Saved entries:
lemma sum_lessThan_mult_div_mod2:
  "(\<Sum>i<(a::nat) * p. \<Sum>j<(b::nat) * q. h (i div p) (i mod p) (j div q) (j mod q)) =
   (\<Sum>i1<a. \<Sum>i2<p. \<Sum>j1<b. \<Sum>j2<q. (h i1 i2 j1 j2 :: 'a::comm_monoid_add))"
proof -
  have "(\<Sum>i<a * p. \<Sum>j<b * q. h (i div p) (i mod p) (j div q) (j mod q)) =
        (\<Sum>i<a * p. \<Sum>j1<b. \<Sum>j2<q. h (i div p) (i mod p) j1 j2)"
    by (rule sum.cong[OF refl]) (rule sum_lessThan_mult_div_mod)
  also have "\<dots> = (\<Sum>i1<a. \<Sum>i2<p. \<Sum>j1<b. \<Sum>j2<q. h i1 i2 j1 j2)"
    by (rule sum_lessThan_mult_div_mod[of "\<lambda>i1 i2. \<Sum>j1<b. \<Sum>j2<q. h i1 i2 j1 j2"])
  finally show ?thesis .
qed

lemma sum_lessThan_split_ends:
  "(d::nat) \<ge> 2 \<Longrightarrow> (\<Sum>i<d. f i) = f 0 + f (d - 1) + (\<Sum>i\<in>{1..<d - 1}. (f i :: 'a::comm_monoid_add))"
proof -
  assume "d \<ge> 2"
  moreover have "{..<d} = insert 0 (insert (d - 1) {1..<d - 1})" using \<open>d \<ge> 2\<close> by auto
  ultimately show ?thesis by (simp add: add.assoc)
qed

lemma sum_lessThan_ends:
  assumes "(d::nat) \<ge> 2" and "\<And>i. i < d \<Longrightarrow> i \<noteq> 0 \<Longrightarrow> i \<noteq> d - 1 \<Longrightarrow> f i = 0"
  shows "(\<Sum>i<d. f i) = f 0 + (f (d - 1) :: 'a::comm_monoid_add)"
proof -
  have "sum f {1..<d - 1} = 0" by (rule sum.neutral) (use assms(2) in auto)
  then show ?thesis using sum_lessThan_split_ends[OF assms(1), of f] by simp
qed

lemma sum_lessThan_single:
  "(i::nat) < d \<Longrightarrow> (\<And>j. j < d \<Longrightarrow> j \<noteq> i \<Longrightarrow> f j = 0) \<Longrightarrow> (\<Sum>j<d. f j) = (f i :: 'a::comm_monoid_add)"
  by (subst sum.remove[of _ i]) (auto intro!: sum.neutral)

lemma dim_kron [simp]:
  "dim_row (kron A B) = dim_row A * dim_row B" "dim_col (kron A B) = dim_col A * dim_col B"
  by (simp_all add: kron_def)

lemma index_kron:
  "i < dim_row A * dim_row B \<Longrightarrow> j < dim_col A * dim_col B \<Longrightarrow>
   kron A B $$ (i, j) = A $$ (i div dim_row B, j div dim_col B) * B $$ (i mod dim_row B, j mod dim_col B)"
  by (simp add: kron_def)
lemma nn_integral_pois_size_bias:
  fixes g :: "nat \<Rightarrow> ennreal"
  assumes "r \<ge> 0"
  shows "(\<integral>\<^sup>+ y. of_nat y * g (y - 1) \<partial>pois r) = ennreal r * (\<integral>\<^sup>+ y. g y \<partial>pois r)"
proof (cases "r = 0")
  case True
  then show ?thesis
    by (simp add: pois_def)
next
  case False
  with assms have "r > 0"
    by simp
  let ?P = "poisson_pmf r"
  have P: "pois r = ?P"
    using \<open>r > 0\<close> by (simp add: pois_def)
  define F where "F y = ennreal (pmf ?P y) * (of_nat y * g (y - 1))" for y
  have shift: "F (Suc j) = ennreal r * (ennreal (pmf ?P j) * g j)" for j
  proof -
    have "F (Suc j) = ennreal (pmf ?P (Suc j) * real (Suc j)) * g j"
      unfolding F_def by (simp add: ennreal_of_nat_eq_real_of_nat ennreal_mult mult.assoc)
    also have "\<dots> = ennreal (r * pmf ?P j) * g j"
      by (simp only: pmf_poisson_Suc_mult[OF \<open>r > 0\<close>])
    also have "\<dots> = ennreal r * (ennreal (pmf ?P j) * g j)"
      using \<open>r > 0\<close> by (subst ennreal_mult) (auto simp: mult.assoc)
    finally show ?thesis .
  qed
  have "(\<integral>\<^sup>+ y. of_nat y * g (y - 1) \<partial>pois r) = (\<Sum>y. F y)"
    unfolding P F_def by (simp add: nn_integral_measure_pmf nn_integral_count_space_nat)
  also have "\<dots> = (\<Sum>j. F (Suc j))"
  proof -
    have "(\<Sum>y. F y) = (\<Sum>j. F (j + 1)) + (\<Sum>j<1. F j)"
      by (rule suminf_offset) (rule summableI)
    moreover have "F 0 = 0"
      by (simp add: F_def)
    ultimately show ?thesis
      by simp
  qed
  also have "\<dots> = ennreal r * (\<Sum>j. ennreal (pmf ?P j) * g j)"
    by (simp add: shift)
  also have "(\<Sum>j. ennreal (pmf ?P j) * g j) = (\<integral>\<^sup>+ y. g y \<partial>pois r)"
    unfolding P by (simp add: nn_integral_measure_pmf nn_integral_count_space_nat)
  finally show ?thesis .
qed

lemma nn_integral_Pi_pois_size_bias:
  fixes g :: "('a \<Rightarrow> nat) \<Rightarrow> ennreal" and r :: "'a \<Rightarrow> real"
  assumes "finite E" "p \<in> E" "r p \<ge> 0"
  shows "(\<integral>\<^sup>+ m. of_nat (m p) * g (drop_edge m p) \<partial>Pi_pmf E 0 (\<lambda>q. pois (r q)))
       = ennreal (r p) * (\<integral>\<^sup>+ m. g m \<partial>Pi_pmf E 0 (\<lambda>q. pois (r q)))"
proof -
  let ?R = "Pi_pmf (E - {p}) 0 (\<lambda>q. pois (r q))"
  have E: "E = insert p (E - {p})"
    using assms(2) by blast
  have decomp: "Pi_pmf E 0 (\<lambda>q. pois (r q)) = map_pmf (\<lambda>(y, f). f(p := y)) (pair_pmf (pois (r p)) ?R)"
    by (subst E) (rule Pi_pmf_insert, use assms(1) in auto)
  define G where "G z = (\<integral>\<^sup>+ f. g (f(p := z)) \<partial>?R)" for z
  have "(\<integral>\<^sup>+ m. of_nat (m p) * g (drop_edge m p) \<partial>Pi_pmf E 0 (\<lambda>q. pois (r q)))
      = (\<integral>\<^sup>+ y. of_nat y * G (y - 1) \<partial>pois (r p))"
    unfolding decomp G_def
    by (simp add: nn_integral_pair_pmf' case_prod_unfold drop_edge_def nn_integral_cmult)
  also have "\<dots> = ennreal (r p) * (\<integral>\<^sup>+ y. G y \<partial>pois (r p))"
    by (rule nn_integral_pois_size_bias[OF assms(3)])
  also have "(\<integral>\<^sup>+ y. G y \<partial>pois (r p)) = (\<integral>\<^sup>+ m. g m \<partial>Pi_pmf E 0 (\<lambda>q. pois (r q)))"
    unfolding decomp G_def by (simp add: nn_integral_pair_pmf' case_prod_unfold)
  finally show ?thesis .
qed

_What you are asked to do:_ When a line of the records has the word "ultimately", pick it out and copy it.

_Response to the task:_
  ultimately show ?thesis by (simp add: add.assoc)
    ultimately show ?thesis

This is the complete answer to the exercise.